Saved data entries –
○ ○ ○ ○ ○

(* Let $c>0$ and $\Omega_0=\{(u,v,A): 0\le A\le 1;\ u,v\ge 0;\ uv\le 1\}$. There is no twice differentiable function $B_0$ on $\Omega_0$ such that $-d^2B_0\ge 0$ (nonpositive definite Hessian), $\frac{\partial B_0}{\partial A}\ge c\,u^2v$, and $0\le B_0\le u$ on $\Omega_0$. *)

theory Defs
  imports "HOL-Analysis.Analysis"
begin

definition Omega0 :: "(real \<times> real \<times> real) set" where
  "Omega0 = {(u, v, A). 0 \<le> A \<and> A \<le> 1 \<and> 0 \<le> u \<and> 0 \<le> v \<and> u * v \<le> 1}"

end

theory Submission imports Defs begin

text \<open>A nonpositive Hessian puts B below its tangent planes along every segment inside
  \<open>Omega0\<close>. Since \<open>0 \<le> B \<le> u\<close>, B vanishes on the face \<open>u = 0\<close>, so at the origin only
  \<open>a = \<partial>B/\<partial>u\<close> survives and the tangent plane there gives \<open>B(u, 1/u, 1) \<le> a u\<close>. Going down
  in A from \<open>(u, 1/u, 1)\<close>, where \<open>\<partial>B/\<partial>A \<ge> c u\<^sup>2 (1/u) = c u\<close>, yields \<open>B(u, 1/u, 0) \<le> (a - c) u\<close>.
  Finally \<open>(u, 1/u, 0)\<close> is the midpoint of \<open>(2u, 0, 0)\<close> and \<open>(0, 2/u, 0)\<close>, joined to both
  inside \<open>Omega0\<close>, so concavity and \<open>B \<ge> 0\<close> give \<open>B(2u, 0, 0) \<le> 2 (a - c) u\<close>. Letting
  \<open>u \<rightarrow> 0\<close> shows that the u-derivative at the origin is at most \<open>a - c < a\<close>.\<close>

lemma f''_le0_imp_le_tangent:
  fixes f f' f'' :: "real \<Rightarrow> real"
  assumes "a \<le> b"
    and f': "\<And>t. t \<in> {a..b} \<Longrightarrow> (f has_real_derivative f' t) (at t within {a..b})"
    and f'': "\<And>t. t \<in> {a..b} \<Longrightarrow> (f' has_real_derivative f'' t) (at t within {a..b})"
    and nonpos: "\<And>t. t \<in> {a..b} \<Longrightarrow> f'' t \<le> 0"
  shows "f b \<le> f a + (b - a) * f' a"
proof -
  have interior_deriv: "(g has_real_derivative g' x) (at x)"
    if "\<And>t. t \<in> {a..b} \<Longrightarrow> (g has_real_derivative g' t) (at t within {a..b})" "a < x" "x < b"
    for g g' :: "real \<Rightarrow> real" and x
  proof -
    have "(g has_real_derivative g' x) (at x within {a..b})" using that by auto
    then show ?thesis using at_within_Icc_at[of a x b] that by simp
  qed
  have f'_cont: "continuous_on {a..b} f'" and f_cont: "continuous_on {a..b} f"
    using f' f'' DERIV_continuous continuous_on_eq_continuous_within by blast+
  have f'_antitone: "f' t \<le> f' a" if "a \<le> t" "t \<le> b" for t
  proof (rule DERIV_nonpos_imp_decreasing_open[OF that(1)])
    show "\<exists>y. (f' has_real_derivative y) (at x) \<and> y \<le> 0" if "a < x" "x < t" for x
      using interior_deriv[OF f''] nonpos that \<open>t \<le> b\<close> by fastforce
    show "continuous_on {a..t} f'"
      using f'_cont continuous_on_subset that by fastforce
  qed
  have "f b - b * f' a \<le> f a - a * f' a"
  proof (rule DERIV_nonpos_imp_decreasing_open[OF \<open>a \<le> b\<close>])
    show "\<exists>y. ((\<lambda>t. f t - t * f' a) has_real_derivative y) (at x) \<and> y \<le> 0"
      if "a < x" "x < b" for x
      using interior_deriv[OF f' that] f'_antitone[of x] that
      by (auto intro!: derivative_eq_intros exI[of _ "f' x - f' a"])
    show "continuous_on {a..b} (\<lambda>t. f t - t * f' a)"
      by (intro continuous_intros f_cont)
  qed
  then show ?thesis by (simp add: algebra_simps)
qed

lemma has_derivative_along_segment:
  assumes f: "(f has_derivative f') (at (p + t *\<^sub>R d) within S)"
    and segment: "\<And>s. s \<in> {0..1} \<Longrightarrow> p + s *\<^sub>R d \<in> S"
  shows "((\<lambda>s. f (p + s *\<^sub>R d)) has_derivative (\<lambda>h. f' (h *\<^sub>R d))) (at t within {0..1})"
proof -
  have line: "((\<lambda>s. p + s *\<^sub>R d) has_derivative (\<lambda>h. h *\<^sub>R d)) (at t within {0..1})"
    by (auto intro!: derivative_eq_intros)
  have "(\<lambda>s. p + s *\<^sub>R d) ` {0..1} \<subseteq> S" using segment by auto
  then show ?thesis
    by (rule has_derivative_in_compose[OF line has_derivative_subset[OF f]])
qed

lemma has_derivative_zero_along_constant_segment:
  fixes f :: "'a::real_normed_vector \<Rightarrow> 'b::real_normed_vector"
  assumes f: "(f has_derivative f') (at p within S)"
    and segment: "\<And>s. s \<in> {0..1} \<Longrightarrow> p + s *\<^sub>R d \<in> S"
    and const: "\<And>s. s \<in> {0..1} \<Longrightarrow> f (p + s *\<^sub>R d) = f p"
  shows "f' d = 0"
proof -
  interpret bounded_linear f' using f by (rule has_derivative_bounded_linear)
  have "((\<lambda>s. f (p + s *\<^sub>R d)) has_vector_derivative f' d) (at 0 within {0..1})"
    using has_derivative_along_segment[of f f' p 0 d S] f segment
    by (simp add: has_vector_derivative_def scaleR)
  moreover have "((\<lambda>s. f (p + s *\<^sub>R d)) has_vector_derivative 0) (at 0 within {0..1})"
    by (rule has_vector_derivative_transform_within[where f = "\<lambda>_. f p" and d = 1])
       (auto simp: const)
  ultimately show ?thesis
    using vector_derivative_unique_within_closed_interval[of 0 1 0] by auto
qed

lemma has_real_derivative_le_of_secant_le:
  fixes f :: "real \<Rightarrow> real"
  assumes "a < b"
    and f: "(f has_real_derivative D) (at a within {a..b})"
    and secant: "\<And>t. a < t \<Longrightarrow> t \<le> b \<Longrightarrow> f t \<le> f a + (t - a) * M"
  shows "D \<le> M"
proof (rule tendsto_upperbound)
  show "((\<lambda>t. (f t - f a) / (t - a)) \<longlongrightarrow> D) (at a within {a..b})"
    using f by (simp add: has_field_derivative_iff)
  have "(f t - f a) / (t - a) \<le> M" if "t \<noteq> a" "t \<in> {a..b}" for t
  proof -
    have "a < t" "t \<le> b" using that by auto
    with secant[OF this] show ?thesis by (simp add: divide_le_eq mult.commute)
  qed
  then show "\<forall>\<^sub>F t in at a within {a..b}. (f t - f a) / (t - a) \<le> M"
    unfolding eventually_at_filter by (auto intro: always_eventually)
  show "at a within {a..b} \<noteq> bot"
    using \<open>a < b\<close> by (simp add: at_within_Icc_at_right)
qed

lemma le_tangent_of_hessian_nonpos:
  fixes B :: "'a::real_normed_vector \<Rightarrow> real" and DB :: "'a \<Rightarrow> 'a \<Rightarrow>\<^sub>L real"
    and D2B :: "'a \<Rightarrow> 'a \<Rightarrow>\<^sub>L ('a \<Rightarrow>\<^sub>L real)"
  assumes segment: "\<And>t. t \<in> {0..1} \<Longrightarrow> p + t *\<^sub>R d \<in> S"
    and B: "\<And>x. x \<in> S \<Longrightarrow> (B has_derivative blinfun_apply (DB x)) (at x within S)"
    and DB: "\<And>x. x \<in> S \<Longrightarrow> (DB has_derivative blinfun_apply (D2B x)) (at x within S)"
    and hessian: "\<And>x. x \<in> S \<Longrightarrow> D2B x d d \<le> 0"
  shows "B (p + d) \<le> B p + DB p d"
proof -
  let ?x = "\<lambda>t. p + t *\<^sub>R d"
  have B_line: "((\<lambda>t. B (?x t)) has_real_derivative DB (?x t) d) (at t within {0..1})"
    if "t \<in> {0..1}" for t
    using has_derivative_along_segment[OF B[OF segment[OF that]] segment]
    by (simp add: has_field_derivative_def blinfun.scaleR_right mult.commute[of _ "DB (?x t) d"])
  have DB_line: "((\<lambda>t. DB (?x t) d) has_real_derivative D2B (?x t) d d) (at t within {0..1})"
    if "t \<in> {0..1}" for t
    using bounded_linear.has_derivative[OF blinfun.bounded_linear_left[where b = d]
        has_derivative_along_segment[OF DB[OF segment[OF that]] segment]]
    by (simp add: has_field_derivative_def blinfun.scaleR_right blinfun.scaleR_left
        mult.commute[of _ "D2B (?x t) d d"])
  have "B (?x 1) \<le> B (?x 0) + (1 - 0) * DB (?x 0) d"
    by (rule f''_le0_imp_le_tangent[OF zero_le_one B_line DB_line hessian[OF segment]])
  then show ?thesis by simp
qed

locale bellman_candidate =
  fixes c :: real and B :: "real \<times> real \<times> real \<Rightarrow> real"
    and DB :: "real \<times> real \<times> real \<Rightarrow> (real \<times> real \<times> real) \<Rightarrow>\<^sub>L real"
    and D2B :: "real \<times> real \<times> real \<Rightarrow> (real \<times> real \<times> real) \<Rightarrow>\<^sub>L ((real \<times> real \<times> real) \<Rightarrow>\<^sub>L real)"
  assumes c_pos: "c > 0"
    and derivatives: "\<forall>p\<in>Omega0. (B has_derivative blinfun_apply (DB p)) (at p within Omega0)
                \<and> (DB has_derivative blinfun_apply (D2B p)) (at p within Omega0)"
    and hessian_nonpos: "\<forall>p\<in>Omega0. \<forall>h. blinfun_apply (blinfun_apply (D2B p) h) h \<le> 0"
    and bounds: "\<forall>u v A. (u, v, A) \<in> Omega0 \<longrightarrow>
          blinfun_apply (DB (u, v, A)) (0, 0, 1) \<ge> c * u\<^sup>2 * v
        \<and> 0 \<le> B (u, v, A) \<and> B (u, v, A) \<le> u"
begin

lemma B_has_derivative: "p \<in> Omega0 \<Longrightarrow> (B has_derivative DB p) (at p within Omega0)"
  using derivatives by blast

lemma DB_has_derivative: "p \<in> Omega0 \<Longrightarrow> (DB has_derivative D2B p) (at p within Omega0)"
  using derivatives by blast

lemma B_le_tangent:
  assumes "\<And>t. t \<in> {0..1} \<Longrightarrow> p + t *\<^sub>R d \<in> Omega0"
  shows "B (p + d) \<le> B p + DB p d"
  using le_tangent_of_hessian_nonpos[OF assms B_has_derivative DB_has_derivative] hessian_nonpos
  by blast

lemma B_eq_0_if_u_eq_0: "(0, v, A) \<in> Omega0 \<Longrightarrow> B (0, v, A) = 0"
  using bounds by force

lemma DB_0_v_A_directions:
  shows "DB 0 (0, 1, 0) = 0" and "DB 0 (0, 0, 1) = 0"
  by (rule has_derivative_zero_along_constant_segment[OF B_has_derivative];
      simp add: Omega0_def zero_prod_def B_eq_0_if_u_eq_0)+

lemma B_decrease_in_A:
  assumes "0 < u"
  shows "B (u, 1/u, 0) \<le> B (u, 1/u, 1) - c * u"
proof -
  have "B ((u, 1/u, 1) + (0, 0, -1)) \<le> B (u, 1/u, 1) + DB (u, 1/u, 1) (0, 0, -1)"
    by (rule B_le_tangent) (use assms in \<open>auto simp: Omega0_def\<close>)
  moreover have "DB (u, 1/u, 1) (0, 0, -1) = - DB (u, 1/u, 1) (0, 0, 1)"
    using blinfun.minus_right[of "DB (u, 1/u, 1)" "(0, 0, 1)"] by simp
  moreover have "c * u\<^sup>2 * (1/u) \<le> DB (u, 1/u, 1) (0, 0, 1)"
    using bounds[rule_format, of u "1/u" 1] assms by (simp add: Omega0_def)
  moreover have "c * u\<^sup>2 * (1/u) = c * u"
    using assms by (simp add: power2_eq_square)
  ultimately show ?thesis by simp
qed

lemma B_hyperbola_top_le:
  assumes "0 < u"
  shows "B (u, 1/u, 1) \<le> u * DB 0 (1, 0, 0)"
proof -
  have "B (0 + (u, 1/u, 1)) \<le> B 0 + DB 0 (u, 1/u, 1)"
  proof (rule B_le_tangent)
    fix t :: real assume t: "t \<in> {0..1}"
    have "t * u * (t * (1/u)) = t * t" using assms by simp
    also have "\<dots> \<le> 1" using t by (simp add: mult_le_one)
    finally show "0 + t *\<^sub>R (u, 1/u, 1) \<in> Omega0" using t assms by (simp add: Omega0_def)
  qed
  moreover have "(u, 1/u, 1::real) = u *\<^sub>R (1, 0, 0) + (1/u) *\<^sub>R (0, 1, 0) + (0, 0, 1)" by simp
  then have "DB 0 (u, 1/u, 1) = u * DB 0 (1, 0, 0)"
    by (simp only: blinfun.add_right blinfun.scaleR_right DB_0_v_A_directions) simp
  moreover have "B 0 = 0"
    using B_eq_0_if_u_eq_0[of 0 0] by (simp add: Omega0_def zero_prod_def)
  ultimately show ?thesis by simp
qed

text \<open>Both segments from \<open>(u, 1/u, 0)\<close> stay in \<open>Omega0\<close>: along them \<open>u v = 1 - t\<^sup>2\<close>.\<close>

lemma B_u_axis_le_hyperbola:
  assumes "0 < u"
  shows "B (2 * u, 0, 0) \<le> 2 * B (u, 1/u, 0)"
proof -
  let ?p = "(u, 1/u, 0::real)" and ?d = "(u, -1/u, 0::real)"
  have segment_prod: "(u + t * u) * (1/u - t * (1/u)) = 1 - t * t" for t
    using assms by (simp add: field_simps)
  have "B (?p + ?d) \<le> B ?p + DB ?p ?d"
  proof (rule B_le_tangent)
    fix t :: real assume t: "t \<in> {0..1}"
    have "0 \<le> 1/u - t * (1/u)" using t assms by (simp add: field_simps)
    then show "?p + t *\<^sub>R ?d \<in> Omega0"
      using t assms segment_prod[of t] by (simp add: Omega0_def)
  qed
  moreover have "B (?p + (- ?d)) \<le> B ?p - DB ?p ?d"
  proof -
    have "B (?p + (- ?d)) \<le> B ?p + DB ?p (- ?d)"
    proof (rule B_le_tangent)
      fix t :: real assume t: "t \<in> {0..1}"
      have "(u - t * u) * (1/u + t * (1/u)) = 1 - t * t"
        using assms by (simp add: field_simps)
      then show "?p + t *\<^sub>R (- ?d) \<in> Omega0"
        using t assms by (simp add: Omega0_def mult_le_one)
    qed
    then show ?thesis by (simp only: blinfun.minus_right diff_conv_add_uminus)
  qed
  moreover have "0 \<le> B (0, 2/u, 0)"
    using bounds assms by (auto simp: Omega0_def)
  ultimately show ?thesis by simp
qed

lemma B_u_axis_le:
  assumes "0 < t"
  shows "B (t, 0, 0) \<le> t * (DB 0 (1, 0, 0) - c)"
proof -
  have "B (t, 0, 0) \<le> 2 * B (t/2, 2/t, 0)"
    using B_u_axis_le_hyperbola[of "t/2"] assms by simp
  also have "\<dots> \<le> 2 * (B (t/2, 2/t, 1) - c * (t/2))"
    using B_decrease_in_A[of "t/2"] assms by simp
  also have "\<dots> \<le> 2 * ((t/2) * DB 0 (1, 0, 0) - c * (t/2))"
    using B_hyperbola_top_le[of "t/2"] assms by simp
  finally show ?thesis by (simp add: algebra_simps)
qed

lemma B_u_axis_has_derivative:
  "((\<lambda>t. B (t, 0, 0)) has_real_derivative DB 0 (1, 0, 0)) (at 0 within {0..1})"
proof -
  let ?d = "(1, 0, 0) :: real \<times> real \<times> real"
  have segment: "0 + t *\<^sub>R ?d \<in> Omega0" if "t \<in> {0..1}" for t
    using that by (simp add: Omega0_def)
  from has_derivative_along_segment[OF B_has_derivative[OF segment[of 0]] segment]
  show ?thesis
    unfolding blinfun.scaleR_right
    by (simp add: has_field_derivative_def zero_prod_def mult.commute[of _ "DB (0, 0, 0) ?d"])
qed

lemma inconsistent: False
proof -
  have "DB 0 (1, 0, 0) \<le> DB 0 (1, 0, 0) - c"
  proof (rule has_real_derivative_le_of_secant_le[OF zero_less_one B_u_axis_has_derivative])
    fix t :: real assume "0 < t" "t \<le> 1"
    then show "B (t, 0, 0) \<le> B (0, 0, 0) + (t - 0) * (DB 0 (1, 0, 0) - c)"
      using B_u_axis_le B_eq_0_if_u_eq_0[of 0 0] by (simp add: Omega0_def)
  qed
  with c_pos show False by simp
qed

end

theorem mainTheorem7:
  fixes c :: real
  assumes "c > 0"
  shows "\<not> (\<exists>(B :: real \<times> real \<times> real \<Rightarrow> real) DB D2B.
     (\<forall>p\<in>Omega0. (B has_derivative blinfun_apply (DB p)) (at p within Omega0)
                \<and> (DB has_derivative blinfun_apply (D2B p)) (at p within Omega0))
   \<and> (\<forall>p\<in>Omega0. \<forall>h. blinfun_apply (blinfun_apply (D2B p) h) h \<le> 0)
   \<and> (\<forall>u v A. (u, v, A) \<in> Omega0 \<longrightarrow>
          blinfun_apply (DB (u, v, A)) (0, 0, 1) \<ge> c * u\<^sup>2 * v
        \<and> 0 \<le> B (u, v, A) \<and> B (u, v, A) \<le> u))"
  using assms bellman_candidate.inconsistent unfolding bellman_candidate_def by blast

end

○ ○ ○ ○ ○

Work task – What is wanted is every line from the first line of the entries through the line that contains "the origin only", given again exactly.

Exercise result –
(* Let $c>0$ and $\Omega_0=\{(u,v,A): 0\le A\le 1;\ u,v\ge 0;\ uv\le 1\}$. There is no twice differentiable function $B_0$ on $\Omega_0$ such that $-d^2B_0\ge 0$ (nonpositive definite Hessian), $\frac{\partial B_0}{\partial A}\ge c\,u^2v$, and $0\le B_0\le u$ on $\Omega_0$. *)

theory Defs
  imports "HOL-Analysis.Analysis"
begin

definition Omega0 :: "(real \<times> real \<times> real) set" where
  "Omega0 = {(u, v, A). 0 \<le> A \<and> A \<le> 1 \<and> 0 \<le> u \<and> 0 \<le> v \<and> u * v \<le> 1}"

end

theory Submission imports Defs begin

text \<open>A nonpositive Hessian puts B below its tangent planes along every segment inside
  \<open>Omega0\<close>. Since \<open>0 \<le> B \<le> u\<close>, B vanishes on the face \<open>u = 0\<close>, so at the origin only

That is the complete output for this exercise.